──────── STUDY MATERIAL
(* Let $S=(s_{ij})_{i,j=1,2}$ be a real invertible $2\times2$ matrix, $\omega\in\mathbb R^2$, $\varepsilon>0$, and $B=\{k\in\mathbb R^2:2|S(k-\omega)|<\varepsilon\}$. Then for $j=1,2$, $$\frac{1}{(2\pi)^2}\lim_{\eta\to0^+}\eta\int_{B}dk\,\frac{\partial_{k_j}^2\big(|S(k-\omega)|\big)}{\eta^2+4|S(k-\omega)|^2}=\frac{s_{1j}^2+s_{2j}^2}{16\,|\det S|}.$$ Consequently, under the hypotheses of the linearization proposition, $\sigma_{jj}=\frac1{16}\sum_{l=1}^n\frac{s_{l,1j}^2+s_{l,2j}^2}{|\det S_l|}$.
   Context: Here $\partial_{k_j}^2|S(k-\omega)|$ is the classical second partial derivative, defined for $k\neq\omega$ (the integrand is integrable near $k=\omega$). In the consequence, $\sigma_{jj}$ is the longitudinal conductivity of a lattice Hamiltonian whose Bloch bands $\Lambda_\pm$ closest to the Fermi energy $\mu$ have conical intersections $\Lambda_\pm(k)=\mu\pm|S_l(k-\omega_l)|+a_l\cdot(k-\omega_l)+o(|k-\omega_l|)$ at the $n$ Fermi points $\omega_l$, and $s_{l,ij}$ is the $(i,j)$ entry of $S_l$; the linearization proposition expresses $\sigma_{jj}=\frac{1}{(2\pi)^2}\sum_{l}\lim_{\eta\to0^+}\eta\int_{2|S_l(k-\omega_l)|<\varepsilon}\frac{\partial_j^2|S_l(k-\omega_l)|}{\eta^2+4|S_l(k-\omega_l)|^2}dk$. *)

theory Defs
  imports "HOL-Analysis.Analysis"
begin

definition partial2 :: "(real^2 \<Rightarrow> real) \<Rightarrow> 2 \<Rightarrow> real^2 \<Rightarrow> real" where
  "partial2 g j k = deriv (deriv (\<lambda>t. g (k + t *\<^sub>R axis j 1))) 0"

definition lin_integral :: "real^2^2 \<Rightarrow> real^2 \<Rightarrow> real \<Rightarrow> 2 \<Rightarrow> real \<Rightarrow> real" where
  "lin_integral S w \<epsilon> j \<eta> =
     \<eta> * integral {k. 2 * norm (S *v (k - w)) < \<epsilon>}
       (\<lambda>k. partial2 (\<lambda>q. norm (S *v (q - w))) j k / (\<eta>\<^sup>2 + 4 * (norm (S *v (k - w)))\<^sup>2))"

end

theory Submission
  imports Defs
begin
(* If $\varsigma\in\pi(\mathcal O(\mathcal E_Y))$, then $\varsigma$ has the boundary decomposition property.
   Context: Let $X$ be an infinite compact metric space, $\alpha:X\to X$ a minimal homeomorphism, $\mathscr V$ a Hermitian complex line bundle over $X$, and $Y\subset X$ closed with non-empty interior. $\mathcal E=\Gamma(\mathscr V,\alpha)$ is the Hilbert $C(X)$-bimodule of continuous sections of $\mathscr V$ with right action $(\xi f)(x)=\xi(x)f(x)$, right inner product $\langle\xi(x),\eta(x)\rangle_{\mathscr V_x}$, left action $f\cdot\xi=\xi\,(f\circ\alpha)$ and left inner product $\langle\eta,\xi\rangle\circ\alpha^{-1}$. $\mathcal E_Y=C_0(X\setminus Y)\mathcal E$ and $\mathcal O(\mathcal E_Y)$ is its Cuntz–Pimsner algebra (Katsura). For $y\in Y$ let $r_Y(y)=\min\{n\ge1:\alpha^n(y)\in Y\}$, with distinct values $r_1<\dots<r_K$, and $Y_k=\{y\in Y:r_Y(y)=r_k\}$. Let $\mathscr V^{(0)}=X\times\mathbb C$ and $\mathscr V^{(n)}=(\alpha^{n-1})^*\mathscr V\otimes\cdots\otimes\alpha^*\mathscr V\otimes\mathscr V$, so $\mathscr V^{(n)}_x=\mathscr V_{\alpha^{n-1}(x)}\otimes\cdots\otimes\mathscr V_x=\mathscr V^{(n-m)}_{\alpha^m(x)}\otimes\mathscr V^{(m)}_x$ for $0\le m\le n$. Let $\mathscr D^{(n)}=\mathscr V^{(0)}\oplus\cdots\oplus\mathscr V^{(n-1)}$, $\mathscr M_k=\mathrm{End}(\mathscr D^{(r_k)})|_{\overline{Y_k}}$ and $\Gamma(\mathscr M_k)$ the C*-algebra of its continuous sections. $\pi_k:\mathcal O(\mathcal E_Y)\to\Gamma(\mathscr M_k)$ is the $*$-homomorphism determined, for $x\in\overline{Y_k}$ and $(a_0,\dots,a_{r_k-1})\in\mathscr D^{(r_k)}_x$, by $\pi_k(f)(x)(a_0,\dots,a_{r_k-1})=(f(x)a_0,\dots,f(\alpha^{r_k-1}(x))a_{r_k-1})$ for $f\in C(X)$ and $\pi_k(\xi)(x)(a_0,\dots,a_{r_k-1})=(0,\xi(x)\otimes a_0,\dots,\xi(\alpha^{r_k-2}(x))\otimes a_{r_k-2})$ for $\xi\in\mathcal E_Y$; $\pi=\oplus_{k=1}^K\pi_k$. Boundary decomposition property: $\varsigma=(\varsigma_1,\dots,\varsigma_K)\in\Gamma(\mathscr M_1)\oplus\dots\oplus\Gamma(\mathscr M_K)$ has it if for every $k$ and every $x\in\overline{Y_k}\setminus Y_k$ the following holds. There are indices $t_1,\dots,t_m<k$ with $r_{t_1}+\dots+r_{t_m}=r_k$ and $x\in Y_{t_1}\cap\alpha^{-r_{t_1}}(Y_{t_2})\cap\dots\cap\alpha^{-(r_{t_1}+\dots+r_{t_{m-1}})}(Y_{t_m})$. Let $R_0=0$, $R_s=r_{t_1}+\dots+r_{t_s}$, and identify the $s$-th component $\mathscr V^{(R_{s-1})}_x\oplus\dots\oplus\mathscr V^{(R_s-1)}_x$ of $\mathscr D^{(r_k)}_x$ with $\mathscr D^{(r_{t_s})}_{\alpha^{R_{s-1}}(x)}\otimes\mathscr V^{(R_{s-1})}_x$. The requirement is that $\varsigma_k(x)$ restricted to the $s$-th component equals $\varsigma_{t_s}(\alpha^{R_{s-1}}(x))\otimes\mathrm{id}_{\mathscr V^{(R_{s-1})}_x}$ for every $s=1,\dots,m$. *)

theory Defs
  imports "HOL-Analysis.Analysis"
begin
────────────────
- [WHAT THE TASK ASKS]: Your response should be the lines above from the first to the one containing "real) \<Rightarrow> 2", inclusive, each given exactly.

- [ANSWER SPACE]:
(* Let $S=(s_{ij})_{i,j=1,2}$ be a real invertible $2\times2$ matrix, $\omega\in\mathbb R^2$, $\varepsilon>0$, and $B=\{k\in\mathbb R^2:2|S(k-\omega)|<\varepsilon\}$. Then for $j=1,2$, $$\frac{1}{(2\pi)^2}\lim_{\eta\to0^+}\eta\int_{B}dk\,\frac{\partial_{k_j}^2\big(|S(k-\omega)|\big)}{\eta^2+4|S(k-\omega)|^2}=\frac{s_{1j}^2+s_{2j}^2}{16\,|\det S|}.$$ Consequently, under the hypotheses of the linearization proposition, $\sigma_{jj}=\frac1{16}\sum_{l=1}^n\frac{s_{l,1j}^2+s_{l,2j}^2}{|\det S_l|}$.
   Context: Here $\partial_{k_j}^2|S(k-\omega)|$ is the classical second partial derivative, defined for $k\neq\omega$ (the integrand is integrable near $k=\omega$). In the consequence, $\sigma_{jj}$ is the longitudinal conductivity of a lattice Hamiltonian whose Bloch bands $\Lambda_\pm$ closest to the Fermi energy $\mu$ have conical intersections $\Lambda_\pm(k)=\mu\pm|S_l(k-\omega_l)|+a_l\cdot(k-\omega_l)+o(|k-\omega_l|)$ at the $n$ Fermi points $\omega_l$, and $s_{l,ij}$ is the $(i,j)$ entry of $S_l$; the linearization proposition expresses $\sigma_{jj}=\frac{1}{(2\pi)^2}\sum_{l}\lim_{\eta\to0^+}\eta\int_{2|S_l(k-\omega_l)|<\varepsilon}\frac{\partial_j^2|S_l(k-\omega_l)|}{\eta^2+4|S_l(k-\omega_l)|^2}dk$. *)

theory Defs
  imports "HOL-Analysis.Analysis"
begin

definition partial2 :: "(real^2 \<Rightarrow> real) \<Rightarrow> 2 \<Rightarrow> real^2 \<Rightarrow> real" where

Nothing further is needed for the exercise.